## Exercise description
When you find the line with "n A g i = ?b" among the records below, reproduce it and each line after it exactly, ending with the line with "proof (rule null_except_row_zero[OF".

─── Recorded information ───

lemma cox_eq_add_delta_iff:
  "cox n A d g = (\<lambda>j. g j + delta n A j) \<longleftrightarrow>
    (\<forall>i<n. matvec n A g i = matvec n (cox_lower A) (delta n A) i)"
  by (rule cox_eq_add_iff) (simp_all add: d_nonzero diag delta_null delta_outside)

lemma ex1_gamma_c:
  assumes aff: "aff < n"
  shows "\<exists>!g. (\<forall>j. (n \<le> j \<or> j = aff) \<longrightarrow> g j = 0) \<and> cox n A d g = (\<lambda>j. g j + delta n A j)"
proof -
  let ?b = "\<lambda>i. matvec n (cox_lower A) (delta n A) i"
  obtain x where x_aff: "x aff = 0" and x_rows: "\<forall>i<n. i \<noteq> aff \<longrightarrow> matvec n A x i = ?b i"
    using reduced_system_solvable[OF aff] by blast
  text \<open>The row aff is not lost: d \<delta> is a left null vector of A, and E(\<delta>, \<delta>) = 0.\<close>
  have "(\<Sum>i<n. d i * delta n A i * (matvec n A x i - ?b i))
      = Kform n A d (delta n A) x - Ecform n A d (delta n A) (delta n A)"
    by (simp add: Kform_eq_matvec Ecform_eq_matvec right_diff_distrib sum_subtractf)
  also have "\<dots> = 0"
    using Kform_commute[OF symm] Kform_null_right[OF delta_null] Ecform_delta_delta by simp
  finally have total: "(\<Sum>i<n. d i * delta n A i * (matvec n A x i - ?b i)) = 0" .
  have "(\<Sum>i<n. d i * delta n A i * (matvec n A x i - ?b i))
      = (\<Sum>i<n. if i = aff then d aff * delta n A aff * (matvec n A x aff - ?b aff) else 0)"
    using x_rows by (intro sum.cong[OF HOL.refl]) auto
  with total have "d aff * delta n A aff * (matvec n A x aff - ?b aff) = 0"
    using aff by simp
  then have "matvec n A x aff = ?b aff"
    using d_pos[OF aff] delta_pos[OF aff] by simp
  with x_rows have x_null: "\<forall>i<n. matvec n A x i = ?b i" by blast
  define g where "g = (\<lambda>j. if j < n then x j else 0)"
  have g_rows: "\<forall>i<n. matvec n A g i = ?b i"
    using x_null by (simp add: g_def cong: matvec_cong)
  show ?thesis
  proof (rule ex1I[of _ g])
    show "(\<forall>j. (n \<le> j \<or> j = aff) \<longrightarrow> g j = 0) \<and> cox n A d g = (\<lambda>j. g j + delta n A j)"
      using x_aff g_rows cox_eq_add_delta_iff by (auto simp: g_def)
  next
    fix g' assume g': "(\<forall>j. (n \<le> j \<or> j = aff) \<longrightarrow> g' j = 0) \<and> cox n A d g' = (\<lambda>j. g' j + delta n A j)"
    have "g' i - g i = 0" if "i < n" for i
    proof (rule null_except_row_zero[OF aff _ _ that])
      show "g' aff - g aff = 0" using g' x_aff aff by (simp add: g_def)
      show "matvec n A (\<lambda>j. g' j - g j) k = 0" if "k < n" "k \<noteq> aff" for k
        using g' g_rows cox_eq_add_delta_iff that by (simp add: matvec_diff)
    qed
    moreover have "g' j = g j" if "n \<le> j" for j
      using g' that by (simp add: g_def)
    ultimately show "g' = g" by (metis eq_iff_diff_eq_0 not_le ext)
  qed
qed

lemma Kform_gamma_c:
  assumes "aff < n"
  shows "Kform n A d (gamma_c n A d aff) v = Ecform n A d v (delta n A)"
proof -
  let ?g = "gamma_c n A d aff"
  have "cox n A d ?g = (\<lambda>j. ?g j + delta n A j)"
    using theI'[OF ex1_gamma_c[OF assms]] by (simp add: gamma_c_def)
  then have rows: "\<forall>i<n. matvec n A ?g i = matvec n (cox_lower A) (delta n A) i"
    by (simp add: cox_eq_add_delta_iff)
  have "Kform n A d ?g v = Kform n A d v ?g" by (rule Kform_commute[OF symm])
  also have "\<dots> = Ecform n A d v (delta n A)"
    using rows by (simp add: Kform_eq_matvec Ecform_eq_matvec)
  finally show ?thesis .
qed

───
─── Recorded information ───

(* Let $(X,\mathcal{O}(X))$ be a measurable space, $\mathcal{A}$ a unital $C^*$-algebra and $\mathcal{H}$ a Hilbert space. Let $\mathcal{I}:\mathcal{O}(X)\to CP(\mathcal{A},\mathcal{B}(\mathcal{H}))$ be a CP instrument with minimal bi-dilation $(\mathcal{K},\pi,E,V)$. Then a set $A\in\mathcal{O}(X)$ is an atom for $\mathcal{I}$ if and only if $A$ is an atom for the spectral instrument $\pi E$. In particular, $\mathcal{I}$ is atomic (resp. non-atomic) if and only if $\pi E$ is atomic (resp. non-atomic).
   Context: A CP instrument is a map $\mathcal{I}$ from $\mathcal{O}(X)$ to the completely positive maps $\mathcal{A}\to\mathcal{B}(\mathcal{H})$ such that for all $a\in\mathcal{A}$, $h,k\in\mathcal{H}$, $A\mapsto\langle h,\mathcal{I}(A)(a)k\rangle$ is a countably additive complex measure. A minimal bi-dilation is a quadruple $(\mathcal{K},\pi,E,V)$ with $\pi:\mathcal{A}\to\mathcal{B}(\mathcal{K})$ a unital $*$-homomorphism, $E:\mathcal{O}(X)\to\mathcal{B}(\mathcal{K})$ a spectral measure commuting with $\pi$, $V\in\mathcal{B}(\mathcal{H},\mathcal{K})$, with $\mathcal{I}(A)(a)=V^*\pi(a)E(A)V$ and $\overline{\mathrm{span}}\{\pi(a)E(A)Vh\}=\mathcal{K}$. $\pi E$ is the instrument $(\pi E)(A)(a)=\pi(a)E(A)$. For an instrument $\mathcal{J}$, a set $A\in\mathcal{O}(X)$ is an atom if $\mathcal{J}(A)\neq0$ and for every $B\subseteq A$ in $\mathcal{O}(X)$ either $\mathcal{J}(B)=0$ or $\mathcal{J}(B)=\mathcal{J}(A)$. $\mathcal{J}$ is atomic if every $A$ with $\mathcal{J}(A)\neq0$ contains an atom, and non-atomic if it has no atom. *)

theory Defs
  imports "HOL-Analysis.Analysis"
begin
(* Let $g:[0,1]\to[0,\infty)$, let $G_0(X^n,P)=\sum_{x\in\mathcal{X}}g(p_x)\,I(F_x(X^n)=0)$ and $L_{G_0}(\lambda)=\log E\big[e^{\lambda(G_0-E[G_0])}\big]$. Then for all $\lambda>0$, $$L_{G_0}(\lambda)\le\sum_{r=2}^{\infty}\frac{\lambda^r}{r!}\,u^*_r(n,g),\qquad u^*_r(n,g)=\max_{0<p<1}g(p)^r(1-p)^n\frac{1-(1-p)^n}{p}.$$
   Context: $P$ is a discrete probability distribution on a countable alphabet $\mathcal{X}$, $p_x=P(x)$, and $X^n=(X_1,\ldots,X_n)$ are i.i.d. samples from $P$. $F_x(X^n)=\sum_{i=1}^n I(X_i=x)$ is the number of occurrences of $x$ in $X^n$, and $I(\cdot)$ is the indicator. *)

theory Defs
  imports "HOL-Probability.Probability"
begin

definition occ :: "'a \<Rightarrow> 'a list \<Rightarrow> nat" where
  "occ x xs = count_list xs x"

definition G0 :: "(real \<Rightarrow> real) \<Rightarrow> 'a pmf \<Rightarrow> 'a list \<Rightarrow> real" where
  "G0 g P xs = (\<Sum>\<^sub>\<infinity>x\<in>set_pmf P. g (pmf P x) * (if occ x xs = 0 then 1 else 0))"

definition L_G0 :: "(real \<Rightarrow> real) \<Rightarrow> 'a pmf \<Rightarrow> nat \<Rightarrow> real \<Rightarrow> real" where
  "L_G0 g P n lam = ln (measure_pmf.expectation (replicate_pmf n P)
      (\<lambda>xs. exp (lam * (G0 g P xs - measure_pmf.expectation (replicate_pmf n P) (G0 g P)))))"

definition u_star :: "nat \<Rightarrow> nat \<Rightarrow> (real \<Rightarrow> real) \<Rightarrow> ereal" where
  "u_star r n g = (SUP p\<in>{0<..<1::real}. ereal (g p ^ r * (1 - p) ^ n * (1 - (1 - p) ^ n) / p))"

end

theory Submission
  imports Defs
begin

───

## Result of this exercise
  have g_rows: "\<forall>i<n. matvec n A g i = ?b i"
    using x_null by (simp add: g_def cong: matvec_cong)
  show ?thesis
  proof (rule ex1I[of _ g])
    show "(\<forall>j. (n \<le> j \<or> j = aff) \<longrightarrow> g j = 0) \<and> cox n A d g = (\<lambda>j. g j + delta n A j)"
      using x_aff g_rows cox_eq_add_delta_iff by (auto simp: g_def)
  next
    fix g' assume g': "(\<forall>j. (n \<le> j \<or> j = aff) \<longrightarrow> g' j = 0) \<and> cox n A d g' = (\<lambda>j. g' j + delta n A j)"
    have "g' i - g i = 0" if "i < n" for i
    proof (rule null_except_row_zero[OF aff _ _ that])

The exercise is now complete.